Título: Fiscalização será fundamental
Autor: Sakkis, Ariadne ; Almeida, Kelly
Fonte: Correio Braziliense, 28/06/2011, Cidades, p. 21

Para autoridades do Judiciário, a liberação dos detentos é positiva, já que poderá evitar prisões abusivas, mas exigirá monitoramento

Sancionada em maio pela presidente Dilma Rousseff, a nova lei da prisão cautelar poderá livrar da cadeia até 100 mil presos provisórios em todo o país, a partir da próxima semana, quando a legislação entrará em vigor. A estimativa é de um grupo de magistrados que têm se mostrado preocupado com a norma. Um deles é o desembargador do Tribunal de Justiça do Ceará Jucid Peixoto do Amaral. Para ele, só o tempo dirá se a lei será benéfica ou prejudicial ao país.

O ministro Marco Aurélio Mello, do Supremo Tribunal Federal (STF), concorda que o número de pessoas aptas a deixar as cadeias será elevado. Ele afirma que a medida atenderá a "ordem natural das coisas, de primeiro apurar para depois prender", mas ressalva que a medida limitará a atuação do juiz. "Infelizmente, a prisão preventiva deixou de ser exceção e se generalizou. A lei veio para evitar a situação que observamos de presos preventivos serem tratados como animais", destaca o ministro.

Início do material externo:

lemma hermitian_lin_indep_cols_insert:
  assumes fJ: "finite J" and J: "J \<subseteq> F - {u}" "lin_indep_cols F A J" and u: "u \<in> F"
    and herm: "\<forall>i\<in>F. \<forall>j\<in>F. A i j = cnj (A j i)"
    and e: "\<forall>i\<in>F - {u}. (\<Sum>j\<in>J. e j * A i j) = 0"
    and b0: "(\<Sum>j\<in>J. e j * A u j) \<noteq> 0"
  shows "lin_indep_cols F A (insert u J)"
  unfolding lin_indep_cols_def
proof (intro allI impI)
  fix c :: "'a \<Rightarrow> complex"
  assume h: "\<forall>i\<in>F. (\<Sum>j\<in>insert u J. c j * A i j) = 0"
  let ?\<beta> = "\<Sum>j\<in>J. e j * A u j"
  have JF: "J \<subseteq> F" and uJ: "u \<notin> J" using J(1) by auto
  have hs: "\<forall>i\<in>F. c u * A i u + (\<Sum>j\<in>J. c j * A i j) = 0"
    using h fJ uJ by auto
  have cu: "c u = 0"
  proof (rule ccontr)
    assume cu: "c u \<noteq> 0"
    have Aju: "A u j = - cnj (\<Sum>k\<in>J. c k * A j k) / cnj (c u)" if "j \<in> J" for j
    proof -
      have "c u * A j u + (\<Sum>k\<in>J. c k * A j k) = 0" using hs that JF by blast
      then have ce: "c u * A j u = - (\<Sum>k\<in>J. c k * A j k)" by (simp add: eq_neg_iff_add_eq_0)
      have "A j u = (c u * A j u) / c u" using cu by simp
      also have "\<dots> = - (\<Sum>k\<in>J. c k * A j k) / c u" by (simp only: ce)
      finally have "A j u = - (\<Sum>k\<in>J. c k * A j k) / c u" .
      moreover have "A u j = cnj (A j u)" using herm that JF u by blast
      ultimately show ?thesis by simp
    qed
    have "?\<beta> = (\<Sum>j\<in>J. e j * (- cnj (\<Sum>k\<in>J. c k * A j k) / cnj (c u)))"
      by (rule sum.cong) (auto simp: Aju)
    also have "\<dots> = - (\<Sum>j\<in>J. \<Sum>k\<in>J. e j * cnj (c k) * cnj (A j k)) / cnj (c u)"
      by (simp add: sum_distrib_left sum_divide_distrib sum_negf mult.assoc)
    also have "(\<Sum>j\<in>J. \<Sum>k\<in>J. e j * cnj (c k) * cnj (A j k))
        = (\<Sum>j\<in>J. \<Sum>k\<in>J. cnj (c k) * (e j * A k j))"
    proof (intro sum.cong refl)
      fix j k assume jk: "j \<in> J" "k \<in> J"
      then have "A k j = cnj (A j k)" using herm JF by blast
      then show "e j * cnj (c k) * cnj (A j k) = cnj (c k) * (e j * A k j)" by simp
    qed
    also have "\<dots> = (\<Sum>k\<in>J. \<Sum>j\<in>J. cnj (c k) * (e j * A k j))" by (rule sum.swap)
    also have "\<dots> = (\<Sum>k\<in>J. cnj (c k) * (\<Sum>j\<in>J. e j * A k j))"
      by (simp add: sum_distrib_left)
    also have "\<dots> = 0" using e J(1) by (intro sum.neutral) auto
    finally show False using b0 by simp
  qed
  then have "\<forall>i\<in>F. (\<Sum>j\<in>J. c j * A i j) = 0" using hs by simp
  then have "\<forall>j\<in>J. c j = 0" using J(2) unfolding lin_indep_cols_def by blast
  then show "\<forall>j\<in>insert u J. c j = 0" using cu by blast
qed

lemma hermitian_rank_jump_change_diag:
  assumes fin: "finite F" "u \<in> F"
    and herm: "\<forall>i\<in>F. \<forall>j\<in>F. A i j = cnj (A j i)"
    and agree: "\<forall>i\<in>F. \<forall>j\<in>F. (i, j) \<noteq> (u, u) \<longrightarrow> A' i j = A i j"
    and eq: "submatrix_rank F F A' = submatrix_rank (F - {u}) (F - {u}) A + 2"
  shows "submatrix_rank F F A = submatrix_rank (F - {u}) (F - {u}) A + 2"
proof -
  define R where "R = F - {u}"
  have fR: "finite R" using fin by (simp add: R_def)
  have "submatrix_rank F F A' \<le> submatrix_rank F R A' + 1" unfolding R_def by (rule submatrix_rank_delete_col[OF fin(1)])
  moreover have "submatrix_rank F R A' = submatrix_rank F R A"
    by (rule submatrix_rank_cong) (use agree in \<open>auto simp: R_def\<close>)
  ultimately have ge: "submatrix_rank F R A \<ge> submatrix_rank R R A + 1" using eq unfolding R_def by linarith
  obtain J where J: "J \<subseteq> R" "lin_indep_cols F A J" "card J = submatrix_rank F R A"
    by (rule submatrix_rank_witness[OF fR])
  have fJ: "finite J" using J(1) fR finite_subset by blast
  have uJ: "u \<notin> J" using J(1) by (auto simp: R_def)
  have JF: "J \<subseteq> F" using J(1) by (auto simp: R_def)
  have "\<not> lin_indep_cols R A J"
  proof
    assume "lin_indep_cols R A J"
    then have "card J \<le> submatrix_rank R R A" using J(1) fR by (intro card_le_submatrix_rank) auto
    then show False using ge J(3) by linarith
  qed
  then obtain e j1 where e: "\<forall>i\<in>R. (\<Sum>j\<in>J. e j * A i j) = 0" "j1 \<in> J" "e j1 \<noteq> 0"
    unfolding lin_indep_cols_def by auto
  define \<beta> where "\<beta> = (\<Sum>j\<in>J. e j * A u j)"
  have b0: "\<beta> \<noteq> 0"
  proof
    assume "\<beta> = 0"
    then have "\<forall>i\<in>F. (\<Sum>j\<in>J. e j * A i j) = 0" using e(1) by (auto simp: R_def \<beta>_def)
    then show False using J(2) e(2,3) unfolding lin_indep_cols_def by blast
  qed
  have "lin_indep_cols F A (insert u J)"
    using hermitian_lin_indep_cols_insert[OF fJ J(1)[unfolded R_def] J(2) fin(2) herm] e(1) b0
    by (simp add: R_def \<beta>_def)
  then have "card (insert u J) \<le> submatrix_rank F F A"
    using JF fin by (intro card_le_submatrix_rank) auto
  then have lo: "submatrix_rank F F A \<ge> submatrix_rank R R A + 2" using card.insert[OF fJ uJ] J(3) ge by linarith
  have "submatrix_rank F F A \<le> submatrix_rank F R A + 1" unfolding R_def by (rule submatrix_rank_delete_col[OF fin(1)])
  also have "submatrix_rank F R A \<le> submatrix_rank R R A + 1" unfolding R_def by (rule submatrix_rank_delete_row[OF fR[unfolded R_def]])
  finally show ?thesis using lo unfolding R_def by linarith
qed

lemma principal_rank_pendant:
  assumes "finite S" "x \<in> S" "y \<in> S" "x \<noteq> y" "M x y \<noteq> 0" "M y x \<noteq> 0"
    "\<forall>j\<in>S. j \<noteq> y \<longrightarrow> M x j = 0" "\<forall>i\<in>S. i \<noteq> y \<longrightarrow> M i x = 0"
  shows "submatrix_rank S S M = submatrix_rank (S - {x, y}) (S - {x, y}) M + 2"
proof -
  have "submatrix_rank S S M = submatrix_rank (S - {x}) (S - {y}) M + 1"
    using assms by (intro submatrix_rank_pivot_row) auto
  also have "submatrix_rank (S - {x}) (S - {y}) M = submatrix_rank (S - {x} - {y}) (S - {y} - {x}) M + 1"
    using assms by (intro submatrix_rank_pivot_col) auto
  also have "S - {x} - {y} = S - {x, y}" by blast
  also have "S - {y} - {x} = S - {x, y}" by blast
  finally show ?thesis by simp
qed

lemma principal_rank_isolated:
  assumes "finite S" "\<forall>j\<in>S. M x j = 0" "\<forall>i\<in>S. M i x = 0"
  shows "submatrix_rank S S M = submatrix_rank (S - {x}) (S - {x}) M"
proof -
  have "submatrix_rank S S M = submatrix_rank (S - {x}) S M" using assms(2) by (rule submatrix_rank_zero_row)
  also have "\<dots> = submatrix_rank (S - {x}) (S - {x}) M" using assms(1,3) by (intro submatrix_rank_zero_col) auto
  finally show ?thesis .
qed

text \<open>Schur complement of the block on \<open>{x, y}\<close> for a path \<open>t, x, y, z\<close> whose inner vertices
  have no other neighbours: only the entries \<open>(t, z)\<close> and \<open>(z, t)\<close> change.\<close>
definition contract_mat :: "('a \<Rightarrow> 'a \<Rightarrow> complex) \<Rightarrow> 'a \<Rightarrow> 'a \<Rightarrow> 'a \<Rightarrow> 'a \<Rightarrow> 'a \<Rightarrow> 'a \<Rightarrow> complex" where
  "contract_mat M x y t z = (\<lambda>i j. M i j
     + (if i = t \<and> j = z then - (M t x * M y z / M y x) else 0)
     + (if i = z \<and> j = t then - (M z y * M x t / M x y) else 0))"

lemma principal_rank_contract:
  assumes fin: "finite S" and mem: "x \<in> S" "y \<in> S" "t \<in> S" "z \<in> S"
    and dist: "x \<noteq> y" "t \<noteq> x" "t \<noteq> y" "z \<noteq> x" "z \<noteq> y"
    and nz: "M y x \<noteq> 0" "M x y \<noteq> 0"
    and colx: "\<forall>i\<in>S. M i x \<noteq> 0 \<longrightarrow> i = t \<or> i = y"
    and rowy: "\<forall>j\<in>S. M y j \<noteq> 0 \<longrightarrow> j = x \<or> j = z"
    and rowx: "\<forall>j\<in>S. M x j \<noteq> 0 \<longrightarrow> j = t \<or> j = y"
    and coly: "\<forall>i\<in>S. M i y \<noteq> 0 \<longrightarrow> i = x \<or> i = z"
  shows "submatrix_rank S S M = submatrix_rank (S - {x, y}) (S - {x, y}) (contract_mat M x y t z) + 2"
proof -
  define M1 where "M1 = M(t := (\<lambda>j. M t j + (- M t x / M y x) * M y j))"
  have Myy: "M y y = 0" using rowy mem dist by blast
  have r1: "submatrix_rank S S M1 = submatrix_rank S S M" unfolding M1_def using mem dist by (intro submatrix_rank_add_row_multiple) auto
  have M1x: "\<forall>i\<in>S. i \<noteq> y \<longrightarrow> M1 i x = 0"
  proof (intro ballI impI)
    fix i assume "i \<in> S" "i \<noteq> y"
    then show "M1 i x = 0" using colx nz(1) by (cases "i = t") (auto simp: M1_def)
  qed
  have M1yx: "M1 y x \<noteq> 0" using nz dist by (simp add: M1_def)
  have r2: "submatrix_rank S S M1 = submatrix_rank (S - {y}) (S - {x}) M1 + 1"
    using fin mem M1yx M1x by (intro submatrix_rank_pivot_col) auto
  define M2 where "M2 = M1(z := (\<lambda>j. M1 z j + (- M1 z y / M1 x y) * M1 x j))"
  have r3: "submatrix_rank (S - {y}) (S - {x}) M2 = submatrix_rank (S - {y}) (S - {x}) M1"
    unfolding M2_def using mem dist by (intro submatrix_rank_add_row_multiple) auto
  have M1xj: "M1 x j = M x j" for j using dist by (simp add: M1_def)
  have M1zy: "M1 z y = M z y" using Myy by (simp add: M1_def)
  have M1iy: "M1 i y = M i y" for i using Myy by (simp add: M1_def)
  have M2y: "\<forall>i\<in>S - {y}. i \<noteq> x \<longrightarrow> M2 i y = 0"
  proof (intro ballI impI)
    fix i assume i: "i \<in> S - {y}" "i \<noteq> x"
    show "M2 i y = 0"
    proof (cases "i = z")
      case True
      then show ?thesis using nz(2) M1zy M1xj[of y] by (simp add: M2_def)
    next
      case False
      then have "M2 i y = M i y" by (simp add: M2_def M1iy)
      also have "\<dots> = 0" using coly i False by blast
      finally show ?thesis .
    qed
  qed
  have M2xy: "M2 x y \<noteq> 0" using nz dist M1xj by (simp add: M2_def)
  have r4: "submatrix_rank (S - {y}) (S - {x}) M2 = submatrix_rank (S - {y} - {x}) (S - {x} - {y}) M2 + 1"
    using fin mem dist M2xy M2y by (intro submatrix_rank_pivot_col) auto
  have e1: "S - {y} - {x} = S - {x, y}" "S - {x} - {y} = S - {x, y}" by blast+
  have r5: "submatrix_rank (S - {x, y}) (S - {x, y}) M2 = submatrix_rank (S - {x, y}) (S - {x, y}) (contract_mat M x y t z)"
  proof (rule submatrix_rank_cong, intro ballI)
    fix i j assume i: "i \<in> S - {x, y}" and j: "j \<in> S - {x, y}"
    have Myj: "M y j = (if j = z then M y z else 0)" using rowy j by auto
    have Mxj: "M x j = (if j = t then M x t else 0)" using rowx j by auto
    show "M2 i j = contract_mat M x y t z i j"
      using M1zy M1xj Myj Mxj by (cases "i = z"; cases "i = t") (auto simp: M2_def M1_def contract_mat_def)
  qed
  show ?thesis using r1 r2 r3 r4 r5 e1 by simp
qed

definition nbrs :: "'a set \<Rightarrow> ('a \<Rightarrow> 'a \<Rightarrow> bool) \<Rightarrow> 'a \<Rightarrow> 'a set" where
  "nbrs S E x = {y \<in> S. E x y}"

definition reach :: "'a set \<Rightarrow> ('a \<Rightarrow> 'a \<Rightarrow> bool) \<Rightarrow> 'a \<Rightarrow> 'a \<Rightarrow> bool" where
  "reach S E = (induced_edges S E)\<^sup>*\<^sup>*"

definition comp_of :: "'a set \<Rightarrow> ('a \<Rightarrow> 'a \<Rightarrow> bool) \<Rightarrow> 'a \<Rightarrow> 'a set" where
  "comp_of S E v = {u \<in> S. reach S E v u}"

definition edge_set :: "'a set \<Rightarrow> ('a \<Rightarrow> 'a \<Rightarrow> bool) \<Rightarrow> 'a set set" where
  "edge_set S E = {{x, y} | x y. induced_edges S E x y}"

lemma components_eq_comp_of: "components S E = comp_of S E ` S"
  unfolding components_def comp_of_def reach_def by simp

lemma num_edges_eq_card_edge_set: "num_edges S E = card (edge_set S E)"
  unfolding num_edges_def edge_set_def by simp

lemma degree_eq_card_nbrs: "degree S E x = card (nbrs S E x)"
  unfolding degree_def nbrs_def by simp

lemma edge_set_subset_Pow: "edge_set S E \<subseteq> Pow S"
  unfolding edge_set_def induced_edges_def by auto

lemma finite_edge_set: "finite S \<Longrightarrow> finite (edge_set S E)"
  using edge_set_subset_Pow finite_Pow_iff finite_subset by metis

lemma edge_set_delete_vertex:
  assumes sym: "\<forall>a b. E a b \<longrightarrow> E b a" and x: "x \<in> S"
  shows "edge_set S E = edge_set (S - {x}) E \<union> (\<lambda>y. {x, y}) ` nbrs S E x"
proof (intro equalityI subsetI)
  fix e assume "e \<in> edge_set S E"
  then obtain a b where e: "e = {a, b}" "a \<in> S" "b \<in> S" "E a b"
    unfolding edge_set_def induced_edges_def by auto
  show "e \<in> edge_set (S - {x}) E \<union> (\<lambda>y. {x, y}) ` nbrs S E x"
  proof (cases "a = x")
    case True
    then have "e \<in> (\<lambda>y. {x, y}) ` nbrs S E x" using e by (auto simp: nbrs_def)
    then show ?thesis by (rule UnI2)
  next
    case False
    show ?thesis
    proof (cases "b = x")
      case True
      then have "e = {x, a}" "a \<in> nbrs S E x" using e sym by (auto simp: nbrs_def)
      then have "e \<in> (\<lambda>y. {x, y}) ` nbrs S E x" by blast
      then show ?thesis by (rule UnI2)
    next
      case False
      then have "induced_edges (S - {x}) E a b" using e \<open>a \<noteq> x\<close> by (simp add: induced_edges_def)
      then have "e \<in> edge_set (S - {x}) E" unfolding edge_set_def using e(1) by blast
      then show ?thesis by (rule UnI1)
    qed
  qed
next
  fix e assume "e \<in> edge_set (S - {x}) E \<union> (\<lambda>y. {x, y}) ` nbrs S E x"
  then show "e \<in> edge_set S E"
  proof
    assume "e \<in> edge_set (S - {x}) E"
    then obtain a b where "e = {a, b}" "induced_edges (S - {x}) E a b" unfolding edge_set_def by blast
    then have "e = {a, b}" "induced_edges S E a b" by (auto simp: induced_edges_def)
    then show ?thesis unfolding edge_set_def by blast
  next
    assume "e \<in> (\<lambda>y. {x, y}) ` nbrs S E x"
    then obtain y where "e = {x, y}" "y \<in> S" "E x y" by (auto simp: nbrs_def)
    then have "e = {x, y}" "induced_edges S E x y" using x by (auto simp: induced_edges_def)
    then show ?thesis unfolding edge_set_def by blast
  qed
qed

Alguns magistrados temem que a aplicação da legislação possa acarretar no aumento da impunidade. É o caso do juiz Fabio Uchôa, do Tribunal do Júri do Rio de Janeiro, para quem a nova regra irá tirar do juiz o poder de prender pessoas consideradas perigosas para o convívio social. Embora a norma tenha sofrido críticas, a grande maioria das autoridades do Poder Judiciário vê com entusiasmo a mudança ocasionada pela lei, de autoria do Executivo. O texto original acabou alterado por um substitutivo do senador Demóstenes Torres (DEM-GO), que foi aprovado na Câmara com poucas mudanças.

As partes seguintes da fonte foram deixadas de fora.